张总管冷笑道:管他什么人,只要于我们有利,到了皇上跟前,这黄门侍郎就是我们杀的。
对对对!两人不约而同的笑道。
同样的夜,月光很亮,江边码头停着几艘大船,离码头不远,便是一座大庄园,墙高院深,大门正上方点着火把,有家丁在巡逻。天下乱已久,盗贼横行,平头老百姓为了生存只得投靠有钱有势的大族,而这些在一方有势力的名门望族不可能全指望官府,为了自保便集结人马,操练兵丁,修筑高墙院落,更大一些的则朝中有人做官,私幕军队,甚至修筑防御工事,挖护城河,等等不足为奇。而此处便是黄河沿岸的一座坞堡,规模也不算小,少说也是有着上千人。层层叠叠几重进的院落深处,只有一间房里还传来微弱的光。
书桌上点着一支蜡烛,即将燃尽,桌前坐着一个人,手中拿剑,正用一块红布在擦拭,动作很慢,很仔细,此人样貌清秀,如果手拿折扇往就近的洛阳城中一走,十之八九都会被人看成是哪家的公子哥。只有两点甚是奇怪,一者此人脸庞白皙,豪无血色,看样貌不过二十上下的年纪,但气质神态又多了一份沧桑之感,又像是三十上下,其形神不一,让人怎么看也看不出真实的年龄。二者此人最明显莫过于鹰钩鼻,不像是中原人士,但其脸庞圆润,少有梭角,这又是塞外民族少有之貌。
把衣服脱了吧,床角有套刚送来的衣服,换上。说着话的人一手持剑,一手持红布转过了身,看着跪在脚下的女人。
是!主上,地上跪着的人说道,接着慢慢站起了身,手缓缓而动,解开系在腰间的布带,一身衣服尽数落地,昏黄烛光下,赤条条的,此女曼妙身材若隐若显,一股淡淡的带着热气的香味在整个房间里散开,面对着妙龄少女,光着身子,站在你对面,有多少男人能忍住血气上涌的冲动?当然,这样的男人也有!太监。
房间中的一男一女,男的终于抛开了手中的红布,手中的剑不知何时已搭在了女子白皙的脖颈之中。再接着,此人笑了,笑声中带着毫不掩饰的杀意,神情狂妄,眼睛和所有的男人一样泛着光,一遍遍在女子身上来回细细的看着,似乎是在欣赏一样爱不释手的东西,很享受。
还剑入鞘,俊美年少的公子哥冷冷的说道:“以后在我面前不要穿白衣服”声音却是异常苍老。
是!女子细细的应了一声。
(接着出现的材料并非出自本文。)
lemma row_dist_contraction:
  assumes "j \<le> n" "s \<in> labels n" "s' \<in> labels n"
  shows "row_dist n (n - j) s s' \<le> 2 * (1 - 1/L) ^ j"
  using assms(1)
proof (induction j)
  case 0
  then show ?case using row_dist_le_2[OF assms(2,3)] by simp
next
  case (Suc j)
  define m where "m = n - Suc j"
  have m: "n - j = Suc m" "Suc m \<le> n" using Suc.prems unfolding m_def by auto
  have "row_dist n m s s'
      = (\<Sum>t\<in>labels m. \<bar>\<Sum>r\<in>labels (Suc m). (F n (Suc m) s r - F n (Suc m) s' r) * F (Suc m) m r t\<bar>)"
    unfolding row_dist_def using F_row_difference[OF m(2) assms(2,3)] by simp
  also have "\<dots> \<le> (1 - 1/L) * (\<Sum>r\<in>labels (Suc m). \<bar>F n (Suc m) s r - F n (Suc m) s' r\<bar>)"
  proof (rule doeblin_contraction)
    show "(\<Sum>r\<in>labels (Suc m). F n (Suc m) s r - F n (Suc m) s' r) = 0"
      using F_row_sum[OF assms(2)] F_row_sum[OF assms(3)] by (simp add: sum_subtractf)
    show "1 / L \<le> F (Suc m) m u v" if "u \<in> labels (Suc m)" "v \<in> labels m" for u v
      using F_step_lower_bound that by blast
    show "(\<Sum>v\<in>labels m. F (Suc m) m u v) = 1" if "u \<in> labels (Suc m)" for u
      using F_row_sum that by blast
    show "1 \<le> card (labels m)" using labels_nonempty[of m] by simp
  qed (use L_ge_1 in auto)
  also have "\<dots> \<le> (1 - 1/L) * (2 * (1 - 1/L) ^ j)"
    using Suc L_ge_1 m(1) unfolding row_dist_def by (intro mult_left_mono) auto
  finally show ?case unfolding m_def by simp
qed

lemma F_lower_bound:
  assumes "1 \<le> k" "k \<le> n" "s \<in> labels n" "t \<in> labels (n - k)"
  shows "1 / L \<le> F n (n - k) s t"
proof -
  define m where "m = n - k"
  have "Suc m \<le> n" using assms unfolding m_def by simp
  have "1 / L = (\<Sum>r\<in>labels (Suc m). F n (Suc m) s r * (1 / L))"
    using F_row_sum[OF assms(3), of "Suc m"] by (simp add: sum_divide_distrib[symmetric])
  also have "\<dots> \<le> (\<Sum>r\<in>labels (Suc m). F n (Suc m) s r * F (Suc m) m r t)"
    using F_step_lower_bound assms(4) F_nonneg unfolding m_def by (intro sum_mono mult_left_mono) auto
  also have "\<dots> = F n m s t"
    using F_chapman_kolmogorov[of m "Suc m" n s t] \<open>Suc m \<le> n\<close> assms(3) by simp
  finally show ?thesis unfolding m_def .
qed

lemma F_relative_error:
  assumes "1 \<le> k" "k \<le> n" "s \<in> labels n" "s' \<in> labels n" "t \<in> labels (n - k)"
  shows "\<bar>F n (n - k) s t - F n (n - k) s' t\<bar> \<le> (2 * L * (1 - 1/L) ^ (k - 1)) * F n (n - k) s' t"
proof -
  define m where "m = n - k"
  have m: "Suc m \<le> n" "n - (k - 1) = Suc m" using assms unfolding m_def by auto
  have "\<bar>F n m s t - F n m s' t\<bar>
      \<le> (\<Sum>r\<in>labels (Suc m). \<bar>(F n (Suc m) s r - F n (Suc m) s' r) * F (Suc m) m r t\<bar>)"
    unfolding F_row_difference[OF m(1) assms(3,4)] by (rule sum_abs)
  also have "\<dots> \<le> (\<Sum>r\<in>labels (Suc m). \<bar>F n (Suc m) s r - F n (Suc m) s' r\<bar>)"
  proof (intro sum_mono)
    fix r assume "r \<in> labels (Suc m)"
    then have "F (Suc m) m r t \<le> 1" using F_le_1 assms(5) unfolding m_def by blast
    then show "\<bar>(F n (Suc m) s r - F n (Suc m) s' r) * F (Suc m) m r t\<bar>
        \<le> \<bar>F n (Suc m) s r - F n (Suc m) s' r\<bar>"
      using F_nonneg by (simp add: abs_mult mult_left_le)
  qed
  also have "\<dots> \<le> 2 * (1 - 1/L) ^ (k - 1)"
    using row_dist_contraction[of "k - 1" n s s'] assms m(2) unfolding row_dist_def by simp
  also have "\<dots> = (2 * L * (1 - 1/L) ^ (k - 1)) * (1 / L)" using L_ge_1 by simp
  also have "\<dots> \<le> (2 * L * (1 - 1/L) ^ (k - 1)) * F n m s' t"
    using F_lower_bound[OF assms(1,2,4,5)] L_ge_1 unfolding m_def by (intro mult_left_mono) auto
  finally show ?thesis unfolding m_def .
qed

end

section \<open>Exponential loss of memory of the label process\<close>

locale lr_measured = lr_towers + kr_measured
begin

text \<open>For \<open>k \<ge> 1\<close> the conditional law of \<open>\<tau>\<^sub>n\<close> given \<open>\<tau>\<^sub>n\<^sub>-\<^sub>k = t\<close> is the tower masses of
  \<open>P(n)\<close> reweighted by a column of \<open>F n (n-k)\<close>, whose entries agree up to a geometrically
  small relative error; for \<open>k = 0\<close> the trivial bound suffices.\<close>
lemma exponential_mixing:
  assumes "1 < L" "k \<le> n" "t \<in> labels (n - k)" "tb \<in> labels n"
  shows "\<bar>cond_tower_prob \<mu> T h B n tb (n - k) t - measure \<mu> (tower T h B n tb)\<bar>
    \<le> (2 * L / (1 - 1/L)) * (1 - 1/L) ^ k"
proof -
  define \<beta> where "\<beta> = 1 - 1/L"
  have \<beta>: "0 < \<beta>" "\<beta> \<le> 1" using assms(1) unfolding \<beta>_def by (simp_all add: field_simps)
  have "\<bar>mass n tb * F n (n - k) tb t / (\<Sum>s\<in>labels n. mass n s * F n (n - k) s t) - mass n tb\<bar>
      \<le> (2 * L / \<beta>) * \<beta> ^ k"
  proof (cases "k = 0")
    case True
    have "1 \<le> 2 * L / \<beta>" using \<beta> assms(1) by (subst le_divide_eq_1_pos) linarith+
    moreover have "\<bar>mass n tb * F n (n - k) tb t / (\<Sum>s\<in>labels n. mass n s * F n (n - k) s t)
        - mass n tb\<bar> \<le> 1"
      by (rule reweighting_trivial_bound) (use assms(4) mass_nonneg mass_sum F_nonneg in auto)
    ultimately show ?thesis by (simp only: True power_0 mult_1_right)
  next
    case False
    then have k: "1 \<le> k" by simp
    have "\<bar>mass n tb * F n (n - k) tb t / (\<Sum>s\<in>labels n. mass n s * F n (n - k) s t) - mass n tb\<bar>
        \<le> 2 * L * \<beta> ^ (k - 1)"
    proof (rule reweighting_relative_bound)
      show "0 < F n (n - k) s t" if "s \<in> labels n" for s
      proof (rule order_less_le_trans)
        show "0 < 1 / L" using assms(1) by simp
      qed (rule F_lower_bound[OF k assms(2) that assms(3)])
      show "\<bar>F n (n - k) tb t - F n (n - k) s t\<bar> \<le> 2 * L * \<beta> ^ (k - 1) * F n (n - k) s t"
        if "s \<in> labels n" for s
        using F_relative_error[OF k assms(2,4) that assms(3)] unfolding \<beta>_def .
    qed (use assms(4) mass_nonneg mass_sum in auto)
    also have "\<dots> = (2 * L / \<beta>) * \<beta> ^ k"
    proof -
      have "\<beta> ^ k = \<beta> * \<beta> ^ (k - 1)" using k by (simp flip: power_Suc)
      then show ?thesis using \<beta>(1) by simp
    qed
    finally show ?thesis .
  qed
  then show ?thesis
    using assms(2-4) unfolding \<beta>_def by (simp add: cond_tower_prob_eq measure_tower_eq_mass)
qed

end

text \<open>The main theorem: only bijectivity and continuity of \<open>T\<close>, the CKR conditions, (LR) and
  invariance of \<open>\<mu>\<close> are used, with \<open>\<beta> = 1 - 1/L\<close> and \<open>c = 2L/\<beta>\<close>.\<close>
theorem mainTheorem4:
  fixes T :: "'a::metric_space \<Rightarrow> 'a"
    and C :: "nat \<Rightarrow> nat" and h :: "nat \<Rightarrow> nat \<Rightarrow> nat" and B :: "nat \<Rightarrow> nat \<Rightarrow> 'a set"
    and \<mu> :: "'a measure"
  assumes "cantor_space TYPE('a)"
    and "continuous_on UNIV T" and "bij T"
    and "minimal_system T"
    and "CKR_sequence T C h B"
    and "LR_condition C h"
    and "invariant_prob T \<mu>"
    and "\<forall>\<nu>. invariant_prob T \<nu> \<longrightarrow> \<nu> = \<mu>"
  shows "\<exists>c::real. \<exists>\<beta>::real. c \<ge> 0 \<and> 0 \<le> \<beta> \<and> \<beta> < 1 \<and>
    (\<forall>n k. k \<le> n \<longrightarrow>
      (\<forall>t\<in>{1..C (n - k)}. \<forall>tb\<in>{1..C n}.
         \<bar>cond_tower_prob \<mu> T h B n tb (n - k) t - measure \<mu> (tower T h B n tb)\<bar> \<le> c * \<beta> ^ k))"
proof -
  obtain L :: real where L: "1 < L"
    and ratio: "\<And>n r t. r \<in> {1..C (Suc n)} \<Longrightarrow> t \<in> {1..C n} \<Longrightarrow> real (h (Suc n) r) \<le> L * real (h n t)"
    using LR_height_ratio[OF assms(6)] by blast
  interpret lr_measured T C h B L \<mu>
  proof unfold_locales
    show "1 \<le> L" using L by simp
  qed (use assms(2,3,5,7) ratio in auto)
  have "\<bar>cond_tower_prob \<mu> T h B n tb (n - k) t - measure \<mu> (tower T h B n tb)\<bar>
      \<le> (2 * L / (1 - 1/L)) * (1 - 1/L) ^ k"
    if "k \<le> n" "t \<in> {1..C (n - k)}" "tb \<in> {1..C n}" for n k t tb
    using exponential_mixing[OF L that] .
  moreover have "0 \<le> 2 * L / (1 - 1/L)" "0 \<le> 1 - 1/L" "1 - 1/L < 1"
    using L by (simp_all add: field_simps)
  ultimately show ?thesis by blast
qed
随后慢慢的转过身,捡起地上的衣服,来到床边拿起红衣换上,动作轻柔,从始至终,脸上都是漠然的表情,眼中早已没有了十七八岁女子应有的光彩。
隔着珠帘,门打开了,两个丫环打着宫灯,端着一盆水,以及应用之物低头站在门外,虽看不清样貌,是何年纪,但其身材矮小,便可知也就十多岁光景。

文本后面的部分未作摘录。